## Instructions for the task:
Copy each line of the entries beneath that contains the word "pullability".

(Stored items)
[Start of Attachment]

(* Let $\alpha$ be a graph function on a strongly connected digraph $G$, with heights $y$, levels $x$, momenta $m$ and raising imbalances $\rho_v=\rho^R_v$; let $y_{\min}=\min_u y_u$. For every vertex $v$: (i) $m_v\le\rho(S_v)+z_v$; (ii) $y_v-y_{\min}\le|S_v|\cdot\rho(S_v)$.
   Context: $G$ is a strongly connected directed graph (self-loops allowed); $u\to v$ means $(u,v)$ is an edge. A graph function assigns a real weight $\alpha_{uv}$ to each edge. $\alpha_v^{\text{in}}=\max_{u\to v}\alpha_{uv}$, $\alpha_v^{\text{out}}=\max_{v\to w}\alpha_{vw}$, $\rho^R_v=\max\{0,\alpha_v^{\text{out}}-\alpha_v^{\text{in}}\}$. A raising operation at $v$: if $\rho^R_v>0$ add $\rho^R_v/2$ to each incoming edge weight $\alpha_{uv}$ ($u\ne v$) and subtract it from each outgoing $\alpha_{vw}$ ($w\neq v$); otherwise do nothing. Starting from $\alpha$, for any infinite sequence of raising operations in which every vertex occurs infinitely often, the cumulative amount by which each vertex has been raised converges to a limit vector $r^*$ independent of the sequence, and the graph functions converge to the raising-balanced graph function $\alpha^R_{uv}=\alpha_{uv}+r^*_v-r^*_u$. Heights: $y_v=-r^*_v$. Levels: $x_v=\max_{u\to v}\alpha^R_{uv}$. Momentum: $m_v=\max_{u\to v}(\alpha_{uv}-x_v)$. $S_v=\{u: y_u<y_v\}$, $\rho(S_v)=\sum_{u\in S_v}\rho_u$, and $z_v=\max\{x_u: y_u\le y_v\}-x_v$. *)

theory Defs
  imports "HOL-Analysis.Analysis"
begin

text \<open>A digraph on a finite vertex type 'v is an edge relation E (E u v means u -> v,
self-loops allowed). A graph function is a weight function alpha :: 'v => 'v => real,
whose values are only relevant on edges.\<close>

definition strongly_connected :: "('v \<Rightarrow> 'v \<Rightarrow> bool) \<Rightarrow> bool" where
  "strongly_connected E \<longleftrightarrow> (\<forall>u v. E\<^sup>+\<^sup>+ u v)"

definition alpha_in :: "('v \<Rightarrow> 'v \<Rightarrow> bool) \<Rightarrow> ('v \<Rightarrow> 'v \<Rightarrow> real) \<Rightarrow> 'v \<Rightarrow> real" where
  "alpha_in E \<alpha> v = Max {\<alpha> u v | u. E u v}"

[End of Attachment]
[Start of Attachment]

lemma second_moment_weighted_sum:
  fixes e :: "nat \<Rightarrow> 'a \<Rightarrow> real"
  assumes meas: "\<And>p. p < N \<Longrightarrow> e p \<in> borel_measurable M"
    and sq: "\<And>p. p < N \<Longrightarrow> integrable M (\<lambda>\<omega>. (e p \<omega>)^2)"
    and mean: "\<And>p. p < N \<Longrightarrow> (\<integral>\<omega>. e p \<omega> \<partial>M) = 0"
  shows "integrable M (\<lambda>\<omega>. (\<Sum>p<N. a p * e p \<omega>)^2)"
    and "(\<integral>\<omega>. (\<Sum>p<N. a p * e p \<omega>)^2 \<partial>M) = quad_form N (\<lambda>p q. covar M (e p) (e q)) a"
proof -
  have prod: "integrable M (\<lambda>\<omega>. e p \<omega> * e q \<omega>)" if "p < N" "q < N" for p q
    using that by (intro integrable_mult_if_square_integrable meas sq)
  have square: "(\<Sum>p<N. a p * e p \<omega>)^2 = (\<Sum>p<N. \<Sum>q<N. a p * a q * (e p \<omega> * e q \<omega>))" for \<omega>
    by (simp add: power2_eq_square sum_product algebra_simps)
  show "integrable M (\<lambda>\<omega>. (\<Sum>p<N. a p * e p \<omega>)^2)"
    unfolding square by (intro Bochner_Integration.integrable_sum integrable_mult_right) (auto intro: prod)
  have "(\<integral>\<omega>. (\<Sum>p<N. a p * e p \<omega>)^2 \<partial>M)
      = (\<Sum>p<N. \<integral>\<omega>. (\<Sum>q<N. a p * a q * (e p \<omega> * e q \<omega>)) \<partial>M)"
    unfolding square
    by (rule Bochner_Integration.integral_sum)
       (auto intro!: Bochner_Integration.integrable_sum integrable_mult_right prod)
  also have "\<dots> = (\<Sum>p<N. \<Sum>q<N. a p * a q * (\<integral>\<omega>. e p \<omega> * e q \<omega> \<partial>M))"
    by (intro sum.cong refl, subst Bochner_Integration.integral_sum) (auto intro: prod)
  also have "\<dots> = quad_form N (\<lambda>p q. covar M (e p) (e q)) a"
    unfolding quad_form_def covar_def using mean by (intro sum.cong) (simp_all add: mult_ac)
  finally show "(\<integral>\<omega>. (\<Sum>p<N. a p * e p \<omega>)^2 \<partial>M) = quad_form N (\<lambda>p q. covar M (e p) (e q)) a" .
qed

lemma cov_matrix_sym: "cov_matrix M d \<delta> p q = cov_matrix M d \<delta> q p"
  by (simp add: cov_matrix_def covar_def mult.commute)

[End of Attachment]
[Start of Attachment]

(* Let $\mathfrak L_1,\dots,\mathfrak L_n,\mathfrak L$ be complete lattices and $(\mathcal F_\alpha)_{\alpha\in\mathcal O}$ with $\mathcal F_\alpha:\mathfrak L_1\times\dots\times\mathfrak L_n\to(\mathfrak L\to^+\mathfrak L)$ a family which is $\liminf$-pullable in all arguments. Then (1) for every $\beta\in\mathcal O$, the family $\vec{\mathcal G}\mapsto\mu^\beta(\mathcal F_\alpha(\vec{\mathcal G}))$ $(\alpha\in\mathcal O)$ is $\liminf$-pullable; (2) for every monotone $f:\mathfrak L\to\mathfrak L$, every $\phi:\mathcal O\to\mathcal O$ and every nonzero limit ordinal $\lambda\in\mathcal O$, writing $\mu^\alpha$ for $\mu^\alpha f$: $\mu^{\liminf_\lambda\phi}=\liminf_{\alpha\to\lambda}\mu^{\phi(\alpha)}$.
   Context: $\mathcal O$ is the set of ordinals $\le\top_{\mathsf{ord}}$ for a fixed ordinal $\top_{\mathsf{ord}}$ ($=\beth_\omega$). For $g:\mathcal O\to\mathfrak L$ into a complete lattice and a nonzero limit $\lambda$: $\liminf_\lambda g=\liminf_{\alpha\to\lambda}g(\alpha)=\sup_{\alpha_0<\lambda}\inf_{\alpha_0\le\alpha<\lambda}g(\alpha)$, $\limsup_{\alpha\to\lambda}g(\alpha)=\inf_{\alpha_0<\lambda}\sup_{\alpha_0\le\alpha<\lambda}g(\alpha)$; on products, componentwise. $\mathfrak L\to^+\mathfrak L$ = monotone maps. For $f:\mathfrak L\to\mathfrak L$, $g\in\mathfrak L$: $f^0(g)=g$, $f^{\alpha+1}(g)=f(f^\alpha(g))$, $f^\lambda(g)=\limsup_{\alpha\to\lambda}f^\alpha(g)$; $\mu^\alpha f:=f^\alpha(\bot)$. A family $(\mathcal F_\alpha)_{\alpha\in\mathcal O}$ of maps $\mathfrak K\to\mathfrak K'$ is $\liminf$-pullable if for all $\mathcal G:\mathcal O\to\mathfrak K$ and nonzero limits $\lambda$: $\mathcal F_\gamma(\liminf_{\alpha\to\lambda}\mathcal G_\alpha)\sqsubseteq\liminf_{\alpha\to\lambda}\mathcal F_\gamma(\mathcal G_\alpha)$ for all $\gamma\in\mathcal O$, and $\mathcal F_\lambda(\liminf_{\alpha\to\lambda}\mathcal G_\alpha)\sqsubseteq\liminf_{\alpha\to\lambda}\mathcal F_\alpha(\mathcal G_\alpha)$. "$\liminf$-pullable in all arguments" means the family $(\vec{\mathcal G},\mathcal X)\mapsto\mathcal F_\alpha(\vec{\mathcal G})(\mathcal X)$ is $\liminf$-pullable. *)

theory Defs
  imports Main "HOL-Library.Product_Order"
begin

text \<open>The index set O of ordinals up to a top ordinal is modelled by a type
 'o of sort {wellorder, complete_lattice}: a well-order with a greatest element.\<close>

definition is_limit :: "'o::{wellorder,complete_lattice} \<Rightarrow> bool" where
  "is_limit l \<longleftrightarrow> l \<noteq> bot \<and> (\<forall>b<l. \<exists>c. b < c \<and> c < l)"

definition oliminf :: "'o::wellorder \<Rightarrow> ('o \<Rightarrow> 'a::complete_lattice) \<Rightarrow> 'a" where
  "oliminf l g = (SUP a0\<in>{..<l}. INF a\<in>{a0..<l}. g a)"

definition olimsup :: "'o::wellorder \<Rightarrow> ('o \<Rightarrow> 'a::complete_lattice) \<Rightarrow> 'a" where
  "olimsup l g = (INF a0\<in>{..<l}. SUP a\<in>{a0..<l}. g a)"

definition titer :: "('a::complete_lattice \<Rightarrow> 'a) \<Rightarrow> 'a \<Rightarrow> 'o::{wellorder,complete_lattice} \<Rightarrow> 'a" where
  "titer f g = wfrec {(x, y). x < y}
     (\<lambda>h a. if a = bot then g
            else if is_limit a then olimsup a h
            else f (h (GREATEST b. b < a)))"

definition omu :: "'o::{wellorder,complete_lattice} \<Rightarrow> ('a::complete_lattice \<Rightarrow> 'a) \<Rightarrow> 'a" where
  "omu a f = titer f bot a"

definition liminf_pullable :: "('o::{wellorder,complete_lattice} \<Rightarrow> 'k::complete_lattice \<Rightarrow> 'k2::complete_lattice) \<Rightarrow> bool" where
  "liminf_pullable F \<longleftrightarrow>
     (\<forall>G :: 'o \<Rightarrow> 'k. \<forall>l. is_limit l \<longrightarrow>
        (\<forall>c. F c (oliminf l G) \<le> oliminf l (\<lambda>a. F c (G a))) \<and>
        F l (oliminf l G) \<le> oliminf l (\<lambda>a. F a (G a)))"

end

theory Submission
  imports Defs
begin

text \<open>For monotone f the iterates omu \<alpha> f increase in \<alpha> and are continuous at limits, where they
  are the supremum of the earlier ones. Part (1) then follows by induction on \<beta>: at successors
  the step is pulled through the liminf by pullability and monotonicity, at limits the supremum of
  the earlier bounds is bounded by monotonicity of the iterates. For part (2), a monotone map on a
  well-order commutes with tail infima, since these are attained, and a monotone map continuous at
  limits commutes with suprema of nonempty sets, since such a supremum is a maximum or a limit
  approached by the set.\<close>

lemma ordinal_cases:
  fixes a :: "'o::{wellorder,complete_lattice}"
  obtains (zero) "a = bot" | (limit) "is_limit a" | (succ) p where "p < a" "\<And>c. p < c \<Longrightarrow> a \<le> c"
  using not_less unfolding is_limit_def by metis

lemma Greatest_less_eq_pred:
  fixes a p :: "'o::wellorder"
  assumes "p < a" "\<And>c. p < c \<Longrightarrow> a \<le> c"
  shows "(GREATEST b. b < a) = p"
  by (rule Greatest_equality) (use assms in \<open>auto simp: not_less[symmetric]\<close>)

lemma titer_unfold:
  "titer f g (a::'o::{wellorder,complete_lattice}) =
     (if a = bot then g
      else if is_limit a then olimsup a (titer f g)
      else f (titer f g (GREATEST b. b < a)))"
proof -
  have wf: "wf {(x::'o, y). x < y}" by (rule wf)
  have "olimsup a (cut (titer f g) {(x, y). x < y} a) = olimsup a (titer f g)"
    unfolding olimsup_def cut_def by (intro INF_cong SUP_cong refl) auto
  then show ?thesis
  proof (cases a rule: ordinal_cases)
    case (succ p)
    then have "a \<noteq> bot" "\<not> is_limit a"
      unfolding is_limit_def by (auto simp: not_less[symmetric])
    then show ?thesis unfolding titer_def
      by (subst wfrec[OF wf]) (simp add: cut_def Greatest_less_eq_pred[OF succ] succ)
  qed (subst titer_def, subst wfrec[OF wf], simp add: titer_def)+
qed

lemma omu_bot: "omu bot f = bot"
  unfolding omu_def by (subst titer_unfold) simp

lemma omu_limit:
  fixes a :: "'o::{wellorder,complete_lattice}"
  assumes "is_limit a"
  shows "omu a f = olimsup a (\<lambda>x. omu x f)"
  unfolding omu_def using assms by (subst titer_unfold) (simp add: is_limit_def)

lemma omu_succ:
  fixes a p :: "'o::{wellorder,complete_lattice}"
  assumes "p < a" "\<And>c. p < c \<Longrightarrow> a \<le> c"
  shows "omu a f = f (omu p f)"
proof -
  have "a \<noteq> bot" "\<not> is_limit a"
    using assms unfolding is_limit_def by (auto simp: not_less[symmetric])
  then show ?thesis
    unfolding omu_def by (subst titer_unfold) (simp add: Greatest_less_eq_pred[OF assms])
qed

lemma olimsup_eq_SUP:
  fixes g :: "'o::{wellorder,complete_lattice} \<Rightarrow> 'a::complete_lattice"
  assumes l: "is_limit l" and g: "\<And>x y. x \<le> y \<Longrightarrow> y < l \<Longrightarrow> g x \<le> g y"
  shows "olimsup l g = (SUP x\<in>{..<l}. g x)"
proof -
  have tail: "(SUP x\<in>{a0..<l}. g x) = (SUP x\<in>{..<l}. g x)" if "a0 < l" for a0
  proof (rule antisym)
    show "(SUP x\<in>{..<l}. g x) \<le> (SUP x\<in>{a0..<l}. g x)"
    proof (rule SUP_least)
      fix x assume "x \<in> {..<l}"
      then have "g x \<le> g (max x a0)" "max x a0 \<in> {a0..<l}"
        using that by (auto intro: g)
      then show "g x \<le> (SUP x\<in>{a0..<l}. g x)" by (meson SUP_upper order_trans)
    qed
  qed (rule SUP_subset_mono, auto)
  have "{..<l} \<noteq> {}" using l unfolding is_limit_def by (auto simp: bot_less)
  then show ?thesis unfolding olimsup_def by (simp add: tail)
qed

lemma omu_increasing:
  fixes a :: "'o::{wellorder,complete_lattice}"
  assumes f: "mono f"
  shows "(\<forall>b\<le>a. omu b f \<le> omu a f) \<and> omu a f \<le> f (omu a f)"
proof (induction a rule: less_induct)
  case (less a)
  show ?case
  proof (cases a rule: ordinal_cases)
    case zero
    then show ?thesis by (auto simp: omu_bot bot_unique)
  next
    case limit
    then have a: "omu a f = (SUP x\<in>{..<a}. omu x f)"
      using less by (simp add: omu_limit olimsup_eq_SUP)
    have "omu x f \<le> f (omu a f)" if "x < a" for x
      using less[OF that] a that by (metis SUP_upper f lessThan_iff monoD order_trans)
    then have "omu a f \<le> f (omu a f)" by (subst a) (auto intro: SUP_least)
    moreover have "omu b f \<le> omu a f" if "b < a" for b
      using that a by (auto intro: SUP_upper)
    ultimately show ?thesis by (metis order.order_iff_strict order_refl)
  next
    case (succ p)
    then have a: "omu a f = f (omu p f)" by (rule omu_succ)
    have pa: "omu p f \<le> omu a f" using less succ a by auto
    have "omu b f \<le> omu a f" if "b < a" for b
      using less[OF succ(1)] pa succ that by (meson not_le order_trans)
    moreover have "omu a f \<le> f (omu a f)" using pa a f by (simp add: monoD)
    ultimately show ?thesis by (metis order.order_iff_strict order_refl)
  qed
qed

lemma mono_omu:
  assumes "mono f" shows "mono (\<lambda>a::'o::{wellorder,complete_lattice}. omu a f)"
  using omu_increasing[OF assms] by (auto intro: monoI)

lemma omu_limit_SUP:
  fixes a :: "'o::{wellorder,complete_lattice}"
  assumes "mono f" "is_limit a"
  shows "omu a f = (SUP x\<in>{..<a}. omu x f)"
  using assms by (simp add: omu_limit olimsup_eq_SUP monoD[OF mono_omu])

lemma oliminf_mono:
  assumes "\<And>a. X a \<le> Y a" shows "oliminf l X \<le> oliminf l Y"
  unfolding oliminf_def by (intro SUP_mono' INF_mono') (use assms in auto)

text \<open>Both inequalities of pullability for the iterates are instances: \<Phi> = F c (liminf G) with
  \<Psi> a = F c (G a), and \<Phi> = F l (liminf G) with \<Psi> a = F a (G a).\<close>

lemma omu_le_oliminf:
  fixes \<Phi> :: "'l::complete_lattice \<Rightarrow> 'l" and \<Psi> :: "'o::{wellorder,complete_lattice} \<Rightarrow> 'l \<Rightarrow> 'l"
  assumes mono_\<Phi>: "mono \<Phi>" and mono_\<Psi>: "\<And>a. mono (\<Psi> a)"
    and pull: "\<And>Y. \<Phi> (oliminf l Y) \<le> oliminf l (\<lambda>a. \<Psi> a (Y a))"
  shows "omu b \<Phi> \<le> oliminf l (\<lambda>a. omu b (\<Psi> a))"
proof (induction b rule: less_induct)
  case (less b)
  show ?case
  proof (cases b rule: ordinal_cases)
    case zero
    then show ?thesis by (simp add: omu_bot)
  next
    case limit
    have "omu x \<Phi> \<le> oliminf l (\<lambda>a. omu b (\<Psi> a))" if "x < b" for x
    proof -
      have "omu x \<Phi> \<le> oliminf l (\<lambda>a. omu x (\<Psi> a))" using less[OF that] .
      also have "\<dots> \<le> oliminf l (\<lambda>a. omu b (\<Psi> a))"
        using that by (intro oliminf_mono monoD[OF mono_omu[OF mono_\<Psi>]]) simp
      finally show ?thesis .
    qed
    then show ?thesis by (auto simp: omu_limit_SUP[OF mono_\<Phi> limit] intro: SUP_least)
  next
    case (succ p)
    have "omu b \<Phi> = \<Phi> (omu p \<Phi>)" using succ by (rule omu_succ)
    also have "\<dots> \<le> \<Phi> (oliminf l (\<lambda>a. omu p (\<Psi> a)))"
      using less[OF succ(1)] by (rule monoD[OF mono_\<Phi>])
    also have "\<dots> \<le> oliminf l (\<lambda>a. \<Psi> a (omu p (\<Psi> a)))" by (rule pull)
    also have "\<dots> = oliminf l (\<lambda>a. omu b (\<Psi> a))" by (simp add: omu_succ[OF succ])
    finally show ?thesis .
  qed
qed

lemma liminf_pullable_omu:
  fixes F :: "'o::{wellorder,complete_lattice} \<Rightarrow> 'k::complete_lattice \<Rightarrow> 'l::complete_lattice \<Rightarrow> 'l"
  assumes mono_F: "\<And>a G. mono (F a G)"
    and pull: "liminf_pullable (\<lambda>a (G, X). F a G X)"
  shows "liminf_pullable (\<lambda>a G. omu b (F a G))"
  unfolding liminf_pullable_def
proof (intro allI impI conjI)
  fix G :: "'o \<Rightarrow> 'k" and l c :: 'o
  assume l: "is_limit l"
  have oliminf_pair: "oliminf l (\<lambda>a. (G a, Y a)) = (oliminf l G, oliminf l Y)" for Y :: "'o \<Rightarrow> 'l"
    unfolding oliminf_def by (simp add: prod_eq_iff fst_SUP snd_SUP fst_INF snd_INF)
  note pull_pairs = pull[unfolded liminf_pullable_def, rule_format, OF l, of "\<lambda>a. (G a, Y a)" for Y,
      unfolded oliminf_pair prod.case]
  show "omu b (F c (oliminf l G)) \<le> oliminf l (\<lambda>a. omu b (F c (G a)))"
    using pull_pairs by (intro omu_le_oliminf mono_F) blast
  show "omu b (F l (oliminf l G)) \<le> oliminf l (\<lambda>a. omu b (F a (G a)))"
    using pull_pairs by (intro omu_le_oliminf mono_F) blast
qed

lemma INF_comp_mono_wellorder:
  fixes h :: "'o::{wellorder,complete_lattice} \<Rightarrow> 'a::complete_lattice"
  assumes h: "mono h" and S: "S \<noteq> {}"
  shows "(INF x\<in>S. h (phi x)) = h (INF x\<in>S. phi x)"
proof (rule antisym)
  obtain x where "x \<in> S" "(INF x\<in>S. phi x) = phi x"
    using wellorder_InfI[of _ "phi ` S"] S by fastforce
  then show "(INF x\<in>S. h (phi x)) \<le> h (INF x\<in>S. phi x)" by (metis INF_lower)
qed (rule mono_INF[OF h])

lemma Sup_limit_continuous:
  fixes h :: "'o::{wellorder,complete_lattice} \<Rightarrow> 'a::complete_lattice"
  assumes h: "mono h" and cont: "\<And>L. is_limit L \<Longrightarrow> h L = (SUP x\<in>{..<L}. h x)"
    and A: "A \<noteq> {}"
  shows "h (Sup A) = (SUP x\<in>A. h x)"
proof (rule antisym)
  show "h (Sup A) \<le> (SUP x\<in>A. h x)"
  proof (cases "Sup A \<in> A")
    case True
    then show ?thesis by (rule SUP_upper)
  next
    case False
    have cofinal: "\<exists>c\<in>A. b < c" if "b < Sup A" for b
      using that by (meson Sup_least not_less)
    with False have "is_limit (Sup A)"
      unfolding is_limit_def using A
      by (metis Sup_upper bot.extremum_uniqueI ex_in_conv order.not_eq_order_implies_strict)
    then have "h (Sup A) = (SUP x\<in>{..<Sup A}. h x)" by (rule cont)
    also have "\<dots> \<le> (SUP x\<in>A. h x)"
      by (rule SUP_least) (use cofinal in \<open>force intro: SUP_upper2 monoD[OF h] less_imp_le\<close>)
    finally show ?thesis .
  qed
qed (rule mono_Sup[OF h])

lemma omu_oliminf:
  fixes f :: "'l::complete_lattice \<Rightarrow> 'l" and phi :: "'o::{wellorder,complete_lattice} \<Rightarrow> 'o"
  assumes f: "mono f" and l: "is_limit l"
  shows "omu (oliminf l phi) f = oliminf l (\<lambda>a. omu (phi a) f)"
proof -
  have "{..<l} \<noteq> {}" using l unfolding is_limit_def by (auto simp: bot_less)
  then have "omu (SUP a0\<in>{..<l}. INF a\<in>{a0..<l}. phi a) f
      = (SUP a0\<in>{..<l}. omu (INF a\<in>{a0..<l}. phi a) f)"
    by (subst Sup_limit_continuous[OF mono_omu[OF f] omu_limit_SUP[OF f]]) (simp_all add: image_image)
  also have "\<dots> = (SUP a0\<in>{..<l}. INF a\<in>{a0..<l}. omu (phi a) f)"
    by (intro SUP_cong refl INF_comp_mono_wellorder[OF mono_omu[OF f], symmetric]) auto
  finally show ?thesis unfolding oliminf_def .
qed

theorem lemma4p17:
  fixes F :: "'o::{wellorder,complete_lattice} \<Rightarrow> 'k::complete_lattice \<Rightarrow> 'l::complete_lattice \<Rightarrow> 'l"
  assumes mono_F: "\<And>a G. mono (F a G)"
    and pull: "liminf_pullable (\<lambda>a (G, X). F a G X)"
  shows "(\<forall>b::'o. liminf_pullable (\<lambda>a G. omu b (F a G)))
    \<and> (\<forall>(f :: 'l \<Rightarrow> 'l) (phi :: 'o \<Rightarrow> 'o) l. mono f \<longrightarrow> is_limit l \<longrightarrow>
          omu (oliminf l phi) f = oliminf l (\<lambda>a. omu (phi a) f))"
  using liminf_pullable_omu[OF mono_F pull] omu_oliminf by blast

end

[End of Attachment]

## Response to this task:
  the step is pulled through the liminf by pullability and monotonicity, at limits the supremum of
text \<open>Both inequalities of pullability for the iterates are instances: \<Phi> = F c (liminf G) with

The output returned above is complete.